Navios Maritime Holdings has issued common shares to pay interest owed on a $70m loan provided by its subsidiary Navios South American Logistics.

The Angeliki Frangou-led parent company on Friday issued 2.41m shares, which the lender assigned to Marshall Islands-registered company Grimaud Ventures.

The new shares will be used to pay $6.38m in interest on the loan provided by the South American company to Navios Maritime on 25 April 2019, according to a regulatory filing.

Navios South American Logistics has assigned its legal and beneficial interest in the debt to Grimaud, for whom a signature on the assignment deed was provided by the South American company's chief financial officer, Ioannis Karyotis.

Initially, Navios Maritime was going to make two interest payments of $3.18m on 26 June and 1 July, but that agreement was amended such that both payments would be paid on 1 July.

The borrower may pay up to 70% of the owed interest in common shares valued at 80% of the 10-day weighted average share price as reported by Bloomberg, the filing said.

Navios Maritime's shares, which trade on the New York Stock Exchange under the ticker symbol NM, closed at $2.17 per share on Friday. They gained 0.5% to $2.18 during Monday morning trading in New York.

Paying off debt with debt

Meanwhile, Navios South American Logistics and its subsidiary Navios Logistics Finance (US) have raised $500m in a private offering of secured notes to pay off millions of dollars in debt due in 2022.

The offering was targeted at "persons reasonably believed to be qualified institutional buyers", the company said in a release.

The notes, which carry a 10.75% coupon rate and mature in 2025, will be used to pay off the $325m indenture that governs the two companies' outstanding 7.25% senior notes due in 2022, plus whatever is owed on a separate joint loan.

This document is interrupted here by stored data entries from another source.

(* Let $\mathcal B$ be a finite set of finite algebras of signature $F$ and assume that $\mathcal B$ has a majority term. The algebras in $\mathcal B$ share a common ternary discriminator term if and only if, for all $\mathbf A_1,\mathbf A_2\in\mathcal B$, the algebras $\mathbf A_1$ and $\mathbf A_2$ share a common ternary discriminator term.
   Context: The ternary discriminator on a set $A$ is $\tau(x,y,z)=x$ if $x\ne y$, $=z$ if $x=y$. A family of algebras shares a common ternary discriminator term if there is a ternary term $t$ with $t^{\mathbf A}$ equal to the ternary discriminator on $A$ for each member $\mathbf A$. $\mathcal B$ has a majority term if some ternary term $m$ satisfies $m(x,x,y)=m(x,y,x)=m(y,x,x)=x$ in every algebra of $\mathcal B$. *)

theory Defs
  imports Main
begin

datatype ('f, 'v) trm = Var 'v | Fun 'f "('f, 'v) trm list"

fun vars_term :: "('f, 'v) trm \<Rightarrow> 'v set" where
  "vars_term (Var v) = {v}"
| "vars_term (Fun f ts) = (\<Union>t \<in> set ts. vars_term t)"

fun wf_term :: "('f \<Rightarrow> nat) \<Rightarrow> ('f, 'v) trm \<Rightarrow> bool" where
  "wf_term ar (Var v) = True"
| "wf_term ar (Fun f ts) = (length ts = ar f \<and> (\<forall>t \<in> set ts. wf_term ar t))"

definition ternary_term :: "('f \<Rightarrow> nat) \<Rightarrow> ('f, nat) trm \<Rightarrow> bool" where
  "ternary_term ar t \<longleftrightarrow> wf_term ar t \<and> vars_term t \<subseteq> {0, 1, 2}"

record ('f, 'a) alg =
  carrier :: "'a set"
  ops :: "'f \<Rightarrow> 'a list \<Rightarrow> 'a"

definition is_algebra :: "('f \<Rightarrow> nat) \<Rightarrow> ('f, 'a) alg \<Rightarrow> bool" where
  "is_algebra ar A \<longleftrightarrow> carrier A \<noteq> {} \<and>
     (\<forall>f xs. length xs = ar f \<and> set xs \<subseteq> carrier A \<longrightarrow> ops A f xs \<in> carrier A)"

definition finite_algebra :: "('f \<Rightarrow> nat) \<Rightarrow> ('f, 'a) alg \<Rightarrow> bool" where
  "finite_algebra ar A \<longleftrightarrow> is_algebra ar A \<and> finite (carrier A)"

fun eval :: "('f, 'a) alg \<Rightarrow> ('v \<Rightarrow> 'a) \<Rightarrow> ('f, 'v) trm \<Rightarrow> 'a" where
  "eval A \<rho> (Var v) = \<rho> v"
| "eval A \<rho> (Fun f ts) = ops A f (map (eval A \<rho>) ts)"

definition eval3 :: "('f, 'a) alg \<Rightarrow> ('f, nat) trm \<Rightarrow> 'a \<Rightarrow> 'a \<Rightarrow> 'a \<Rightarrow> 'a" where
  "eval3 A t x y z = eval A (\<lambda>i. if i = 0 then x else if i = 1 then y else z) t"

definition discriminator :: "'a \<Rightarrow> 'a \<Rightarrow> 'a \<Rightarrow> 'a" where
  "discriminator x y z = (if x \<noteq> y then x else z)"

definition share_discriminator :: "('f \<Rightarrow> nat) \<Rightarrow> ('f, 'a) alg set \<Rightarrow> bool" where
  "share_discriminator ar \<B> \<longleftrightarrow> (\<exists>t. ternary_term ar t \<and>
     (\<forall>A \<in> \<B>. \<forall>x \<in> carrier A. \<forall>y \<in> carrier A. \<forall>z \<in> carrier A.
        eval3 A t x y z = discriminator x y z))"

definition has_majority_term :: "('f \<Rightarrow> nat) \<Rightarrow> ('f, 'a) alg set \<Rightarrow> bool" where
  "has_majority_term ar \<B> \<longleftrightarrow> (\<exists>m. ternary_term ar m \<and>
     (\<forall>A \<in> \<B>. \<forall>x \<in> carrier A. \<forall>y \<in> carrier A.
        eval3 A m x x y = x \<and> eval3 A m x y x = x \<and> eval3 A m y x x = x))"

end

theory Submission
  imports Defs
begin

text \<open>This is the ternary case of the Baker--Pixley argument. Induct on the size of the family.
  If it has at least three members \<open>a, c, d\<close>, the induction hypothesis gives terms \<open>t\<^sub>1, t\<^sub>2, t\<^sub>3\<close>
  which interpolate the discriminator (indeed any operation closed on each algebra) on the family
  without \<open>a\<close>, without \<open>c\<close> and without \<open>d\<close>
  respectively. Every algebra is missed by at most one of the three deletions, so at least two of
  the values \<open>t\<^sub>i(x, y, z)\<close> agree with the discriminator, and applying the majority term to them
  yields a term interpolating the discriminator on the whole family.\<close>

fun tsubst :: "(nat \<Rightarrow> ('f, nat) trm) \<Rightarrow> ('f, nat) trm \<Rightarrow> ('f, nat) trm" where
  "tsubst \<sigma> (Var v) = \<sigma> v"
| "tsubst \<sigma> (Fun f ts) = Fun f (map (tsubst \<sigma>) ts)"

lemma eval_tsubst: "eval A \<rho> (tsubst \<sigma> t) = eval A (\<lambda>v. eval A \<rho> (\<sigma> v)) t"
  by (induction t) (auto intro!: arg_cong[where f = "ops A _"])

lemma wf_term_tsubst:
  "(\<And>v. wf_term ar (\<sigma> v)) \<Longrightarrow> wf_term ar t \<Longrightarrow> wf_term ar (tsubst \<sigma> t)"
  by (induction t) auto

lemma vars_term_tsubst: "vars_term (tsubst \<sigma> t) = (\<Union>v \<in> vars_term t. vars_term (\<sigma> v))"
  by (induction t) auto

lemma eval_in_carrier:
  assumes "is_algebra ar A" "wf_term ar t" "\<And>v. \<rho> v \<in> carrier A"
  shows "eval A \<rho> t \<in> carrier A"
  using assms(2)
proof (induction t)
  case (Var v)
  then show ?case using assms(3) by simp
next
  case (Fun f ts)
  then have "set (map (eval A \<rho>) ts) \<subseteq> carrier A" "length (map (eval A \<rho>) ts) = ar f"
    by auto
  then show ?case using assms(1) unfolding is_algebra_def by simp
qed

lemma eval3_in_carrier:
  "is_algebra ar A \<Longrightarrow> ternary_term ar t \<Longrightarrow> x \<in> carrier A \<Longrightarrow> y \<in> carrier A \<Longrightarrow>
   z \<in> carrier A \<Longrightarrow> eval3 A t x y z \<in> carrier A"
  unfolding eval3_def ternary_term_def by (rule eval_in_carrier) auto

definition comp3 :: "('f, nat) trm \<Rightarrow> ('f, nat) trm \<Rightarrow> ('f, nat) trm \<Rightarrow> ('f, nat) trm \<Rightarrow> ('f, nat) trm"
  where "comp3 m t1 t2 t3 = tsubst (\<lambda>i. if i = 0 then t1 else if i = 1 then t2 else t3) m"

lemma eval3_comp3:
  "eval3 A (comp3 m t1 t2 t3) x y z =
   eval3 A m (eval3 A t1 x y z) (eval3 A t2 x y z) (eval3 A t3 x y z)"
  unfolding eval3_def comp3_def eval_tsubst
  by (rule arg_cong[where f = "\<lambda>\<rho>. eval A \<rho> m"]) auto

lemma ternary_term_comp3:
  "ternary_term ar m \<Longrightarrow> ternary_term ar t1 \<Longrightarrow> ternary_term ar t2 \<Longrightarrow> ternary_term ar t3 \<Longrightarrow>
   ternary_term ar (comp3 m t1 t2 t3)"
  unfolding ternary_term_def comp3_def vars_term_tsubst
  by (auto intro!: wf_term_tsubst split: if_splits)

definition interpolates :: "('f, 'a) alg set \<Rightarrow> ('f, nat) trm \<Rightarrow> ('a \<Rightarrow> 'a \<Rightarrow> 'a \<Rightarrow> 'a) \<Rightarrow> bool"
  where "interpolates \<B> t \<phi> \<longleftrightarrow>
    (\<forall>A \<in> \<B>. \<forall>x \<in> carrier A. \<forall>y \<in> carrier A. \<forall>z \<in> carrier A. eval3 A t x y z = \<phi> x y z)"

definition majority_on :: "('f, 'a) alg set \<Rightarrow> ('f, nat) trm \<Rightarrow> bool"
  where "majority_on \<B> m \<longleftrightarrow> (\<forall>A \<in> \<B>. \<forall>x \<in> carrier A. \<forall>y \<in> carrier A.
    eval3 A m x x y = x \<and> eval3 A m x y x = x \<and> eval3 A m y x x = x)"

lemma share_discriminator_iff:
  "share_discriminator ar \<B> \<longleftrightarrow> (\<exists>t. ternary_term ar t \<and> interpolates \<B> t discriminator)"
  unfolding share_discriminator_def interpolates_def ..

lemma has_majority_term_iff:
  "has_majority_term ar \<B> \<longleftrightarrow> (\<exists>m. ternary_term ar m \<and> majority_on \<B> m)"
  unfolding has_majority_term_def majority_on_def ..

lemma interpolates_subset: "interpolates \<B> t \<phi> \<Longrightarrow> \<C> \<subseteq> \<B> \<Longrightarrow> interpolates \<C> t \<phi>"
  unfolding interpolates_def by blast

lemma majority_on_subset: "majority_on \<B> m \<Longrightarrow> \<C> \<subseteq> \<B> \<Longrightarrow> majority_on \<C> m"
  unfolding majority_on_def by blast

lemma interpolates_comp3_majority:
  assumes alg: "\<forall>A \<in> \<B>. is_algebra ar A"
    and closed: "\<forall>A \<in> \<B>. \<forall>x \<in> carrier A. \<forall>y \<in> carrier A. \<forall>z \<in> carrier A. \<phi> x y z \<in> carrier A"
    and m: "majority_on \<B> m"
    and t: "ternary_term ar t1" "ternary_term ar t2" "ternary_term ar t3"
    and interp: "interpolates (\<B> - {a}) t1 \<phi>" "interpolates (\<B> - {c}) t2 \<phi>"
      "interpolates (\<B> - {d}) t3 \<phi>"
    and distinct: "a \<noteq> c" "c \<noteq> d" "a \<noteq> d"
  shows "interpolates \<B> (comp3 m t1 t2 t3) \<phi>"
  unfolding interpolates_def eval3_comp3
proof (intro ballI)
  fix A x y z
  assume A: "A \<in> \<B>" and xyz: "x \<in> carrier A" "y \<in> carrier A" "z \<in> carrier A"
  let ?w1 = "eval3 A t1 x y z" and ?w2 = "eval3 A t2 x y z" and ?w3 = "eval3 A t3 x y z"
  have in_carrier: "?w1 \<in> carrier A" "?w2 \<in> carrier A" "?w3 \<in> carrier A" "\<phi> x y z \<in> carrier A"
    using eval3_in_carrier[OF _ _ xyz] alg closed t A xyz by auto
  have maj: "\<forall>u \<in> carrier A. \<forall>w \<in> carrier A.
      eval3 A m u u w = u \<and> eval3 A m u w u = u \<and> eval3 A m w u u = u"
    using m A unfolding majority_on_def by blast
  consider "A \<noteq> a" "A \<noteq> c" | "A \<noteq> a" "A \<noteq> d" | "A \<noteq> c" "A \<noteq> d"
    using distinct by blast
  then show "eval3 A m ?w1 ?w2 ?w3 = \<phi> x y z"
  proof cases
    case 1
    then have "?w1 = \<phi> x y z" "?w2 = \<phi> x y z"
      using interp A xyz unfolding interpolates_def by auto
    then show ?thesis using maj in_carrier by simp
  next
    case 2
    then have "?w1 = \<phi> x y z" "?w3 = \<phi> x y z"
      using interp A xyz unfolding interpolates_def by auto
    then show ?thesis using maj in_carrier by simp
  next
    case 3
    then have "?w2 = \<phi> x y z" "?w3 = \<phi> x y z"
      using interp A xyz unfolding interpolates_def by auto
    then show ?thesis using maj in_carrier by simp
  qed
qed

lemma card_le_2_obtain_pair:
  assumes "finite \<B>" "card \<B> \<le> 2" "\<B> \<noteq> {}"
  obtains A1 A2 where "A1 \<in> \<B>" "A2 \<in> \<B>" "\<B> = {A1, A2}"
proof -
  have "card \<B> = 1 \<or> card \<B> = 2"
    using assms by (simp add: card_gt_0_iff le_Suc_eq numeral_2_eq_2)
  then show thesis
    by (metis card_1_singletonE card_2_iff insertCI insert_absorb2 that)
qed

theorem pairwise_interpolation_imp_interpolation:
  assumes "finite \<B>"
    and "\<forall>A \<in> \<B>. is_algebra ar A"
    and "\<forall>A \<in> \<B>. \<forall>x \<in> carrier A. \<forall>y \<in> carrier A. \<forall>z \<in> carrier A. \<phi> x y z \<in> carrier A"
    and "ternary_term ar m" "majority_on \<B> m"
    and "\<forall>A1 \<in> \<B>. \<forall>A2 \<in> \<B>. \<exists>t. ternary_term ar t \<and> interpolates {A1, A2} t \<phi>"
  shows "\<exists>t. ternary_term ar t \<and> interpolates \<B> t \<phi>"
  using assms
proof (induction "card \<B>" arbitrary: \<B> rule: less_induct)
  case less
  consider "\<B> = {}" | "\<B> \<noteq> {}" "card \<B> \<le> 2" | "card \<B> \<ge> 3"
    by linarith
  then show ?case
  proof cases
    case 1
    have "ternary_term ar (Var 0)" unfolding ternary_term_def by simp
    then show ?thesis unfolding 1 interpolates_def by blast
  next
    case 2
    then obtain A1 A2 where "A1 \<in> \<B>" "A2 \<in> \<B>" "\<B> = {A1, A2}"
      using card_le_2_obtain_pair less.prems(1) by metis
    then show ?thesis using less.prems(6) by simp
  next
    case 3
    then obtain a c d where acd: "{a, c, d} \<subseteq> \<B>" "a \<noteq> c" "c \<noteq> d" "a \<noteq> d"
      by (metis card_3_iff obtain_subset_with_card_n)
    have deletion: "\<exists>t. ternary_term ar t \<and> interpolates (\<B> - {e}) t \<phi>" if "e \<in> \<B>" for e
    proof (rule less.hyps)
      show "card (\<B> - {e}) < card \<B>"
        using less.prems(1) that by (rule card_Diff1_less)
      show "majority_on (\<B> - {e}) m"
        using less.prems(5) by (rule majority_on_subset) blast
    qed (use less.prems in blast)+
    obtain t1 where t1: "ternary_term ar t1" "interpolates (\<B> - {a}) t1 \<phi>"
      using deletion acd(1) by blast
    obtain t2 where t2: "ternary_term ar t2" "interpolates (\<B> - {c}) t2 \<phi>"
      using deletion acd(1) by blast
    obtain t3 where t3: "ternary_term ar t3" "interpolates (\<B> - {d}) t3 \<phi>"
      using deletion acd(1) by blast
    have "interpolates \<B> (comp3 m t1 t2 t3) \<phi>"
      by (rule interpolates_comp3_majority[OF less.prems(2,3,5) t1(1) t2(1) t3(1) t1(2) t2(2) t3(2)
          acd(2-4)])
    moreover have "ternary_term ar (comp3 m t1 t2 t3)"
      using less.prems(4) t1(1) t2(1) t3(1) by (rule ternary_term_comp3)
    ultimately show ?thesis by blast
  qed
qed

theorem corollary3p3:
  fixes ar :: "'f \<Rightarrow> nat" and \<B> :: "('f, 'a) alg set"
  assumes "finite \<B>"
    and "\<forall>A \<in> \<B>. finite_algebra ar A"
    and "has_majority_term ar \<B>"
  shows "share_discriminator ar \<B> \<longleftrightarrow>
         (\<forall>A1 \<in> \<B>. \<forall>A2 \<in> \<B>. share_discriminator ar {A1, A2})"
proof
  assume "share_discriminator ar \<B>"
  then show "\<forall>A1 \<in> \<B>. \<forall>A2 \<in> \<B>. share_discriminator ar {A1, A2}"
    unfolding share_discriminator_iff by (meson empty_subsetI insert_subset interpolates_subset)
next
  assume "\<forall>A1 \<in> \<B>. \<forall>A2 \<in> \<B>. share_discriminator ar {A1, A2}"
  moreover obtain m where "ternary_term ar m" "majority_on \<B> m"
    using assms(3) unfolding has_majority_term_iff by blast
  moreover have "\<forall>A \<in> \<B>. is_algebra ar A"
    using assms(2) unfolding finite_algebra_def by blast
  moreover have "\<forall>A \<in> \<B>. \<forall>x \<in> carrier A. \<forall>y \<in> carrier A. \<forall>z \<in> carrier A.
      discriminator x y z \<in> carrier A"
    unfolding discriminator_def by simp
  ultimately show "share_discriminator ar \<B>"
    unfolding share_discriminator_iff
    using pairwise_interpolation_imp_interpolation[OF assms(1)] by blast
qed

end
theorem corollary6p15:
  fixes P :: "'w measure"
    and l :: "'a::euclidean_space \<Rightarrow> 'a \<Rightarrow> real"
    and \<kappa> \<gamma> :: real
    and X :: "int \<times> int \<Rightarrow> 'w \<Rightarrow> 'a"
    and \<Theta> :: "nat \<Rightarrow> 'w \<Rightarrow> 'a"
    and M MM N :: nat
  assumes kappa: "\<kappa> > 0"
    and loss: "\<And>\<theta> \<phi>. l \<theta> \<phi> = \<kappa> / 2 * (norm (\<theta> - \<phi>))\<^sup>2"
    and gamma: "0 < \<gamma>" "\<gamma> < 1 / \<kappa>"
    and prob: "prob_space P"
    and indep: "prob_space.indep_vars P (\<lambda>_. borel) X UNIV"
    and ident: "\<And>i j. distr P borel (X i) = distr P borel (X j)"
    and nondeg: "\<And>i. non_degenerate P (X i)"
    and M_pos: "M \<ge> 1" and MM_pos: "MM \<ge> 1"
    and rec: "\<And>n \<omega>. n \<ge> 1 \<Longrightarrow>
       \<Theta> n \<omega> = \<Theta> (n - 1) \<omega> - (\<gamma> / real M) *\<^sub>R (\<Sum>m = 1..int M. grad1 l (\<Theta> (n - 1) \<omega>) (X (int n, m) \<omega>))"
    and bdd: "\<And>\<omega>. \<omega> \<in> space P \<Longrightarrow> bdd_above (range (\<lambda>i. norm (X i \<omega>)))"
    and theta0_rv: "\<Theta> 0 \<in> borel_measurable P"
    and indep0: "prob_space.indep_set P
          (sigma_sets (space P) {\<Theta> 0 -` A \<inter> space P | A. A \<in> sets borel})
          (sigma_sets (space P) (\<Union>i. {X i -` A \<inter> space P | A. A \<in> sets borel}))"
    and N_pos: "N \<ge> 1"
  shows "measure P (\<Union>n\<in>{N..}. {\<omega> \<in> space P.
            (\<Sum>m = 1..int MM. l (\<Theta> n \<omega>) (X (int n, - m) \<omega>))
          > (\<Sum>m = 1..int MM. l (\<Theta> (n - 1) \<omega>) (X (int n, - m) \<omega>))}) = 1"
proof -
  interpret prob_space P
    by (rule prob)
  have [measurable]: "X i \<in> borel_measurable P" for i
    using indep by (cases i) (auto simp: indep_vars_def)
  have rec_Suc: "\<Theta> (Suc n) =
      (\<lambda>\<omega>. \<Theta> n \<omega> - (\<gamma> / real M) *\<^sub>R (\<Sum>m = 1..int M. grad1 l (\<Theta> n \<omega>) (X (int (Suc n), m) \<omega>)))" for n
    using rec[of "Suc n"] by auto
  have [measurable]: "\<Theta> n \<in> borel_measurable P" for n
    by (induction n) (simp_all add: rec_Suc grad1_half_sq_dist[OF loss] theta0_rv)
  obtain a b where ab: "a \<noteq> b" "a \<in> rv_supp P (X (0, 0))" "b \<in> rv_supp P (X (0, 0))"
    using non_degenerate_obtains_distinct_supp[OF nondeg] by blast
  define \<delta> where "\<delta> = \<gamma> * \<kappa> * dist a b / 16"
  have "\<delta> > 0"
    using gamma kappa ab(1) by (simp add: \<delta>_def)
  \<comment> \<open>Windows of every length occur almost surely, and each path picks its length from
    its own bound.\<close>
  have AE_windows: "AE \<omega> in P. \<forall>L. \<exists>n\<ge>N. pull_push_window (\<lambda>i. X i \<omega>) a b \<delta> M MM L n"
    unfolding AE_all_countable using AE_ex_pull_push_window[OF indep ident ab(2,3) \<open>\<delta> > 0\<close>] by blast
  have increase: "\<exists>n\<ge>N. (\<Sum>m = 1..int MM. l (\<Theta> (n - 1) \<omega>) (X (int n, - m) \<omega>))
      < (\<Sum>m = 1..int MM. l (\<Theta> n \<omega>) (X (int n, - m) \<omega>))"
    if "\<omega> \<in> space P" and windows: "\<forall>L. \<exists>n\<ge>N. pull_push_window (\<lambda>i. X i \<omega>) a b \<delta> M MM L n" for \<omega>
  proof (rule sgd_loss_increases_after_pull_push_windows[where \<theta>="\<lambda>n. \<Theta> n \<omega>",
        OF loss kappa gamma M_pos MM_pos rec_Suc[THEN fun_cong] _ N_pos])
    show "bounded (range (\<lambda>i. X i \<omega>))"
      using bdd[OF that(1)] bdd_above_norm[of "range (\<lambda>i. X i \<omega>)"] by (simp add: image_comp o_def)
  qed (use windows in \<open>simp add: \<delta>_def\<close>)
  show ?thesis
    apply (rule prob_eq_1[THEN iffD2])
    subgoal unfolding loss by measurable
    subgoal using AE_windows AE_space by eventually_elim (use increase in blast)
    done
qed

Any money remaining from the notes sale, which wrapped up on 8 July, will go toward "general corporate purposes", the company said.

Navios South American Logistics and its subsidiaries have provided guarantees for the notes, according to a filing made with the US Securities and Exchange Commission.

The notes are secured by first-priority ship mortgages on four small clean product tankers that are owned by subsidiary companies that have provided guarantees.

This includes assignments of the tankers' earnings and insurance, together with a first-priority lien on the capital stock of each guarantor-owner of the mortgaged vessels, which serve the company’s cabotage business along the eastern coast of South America.

Navios South American Logistics has also secured the notes by assigning the English law-governed contract that relates to the firm's iron ore port in Uruguay, which is signed with a subsidiary of Brazilian miner Vale.

Navios South American Logistics owns eight small tankers and 332 river barges.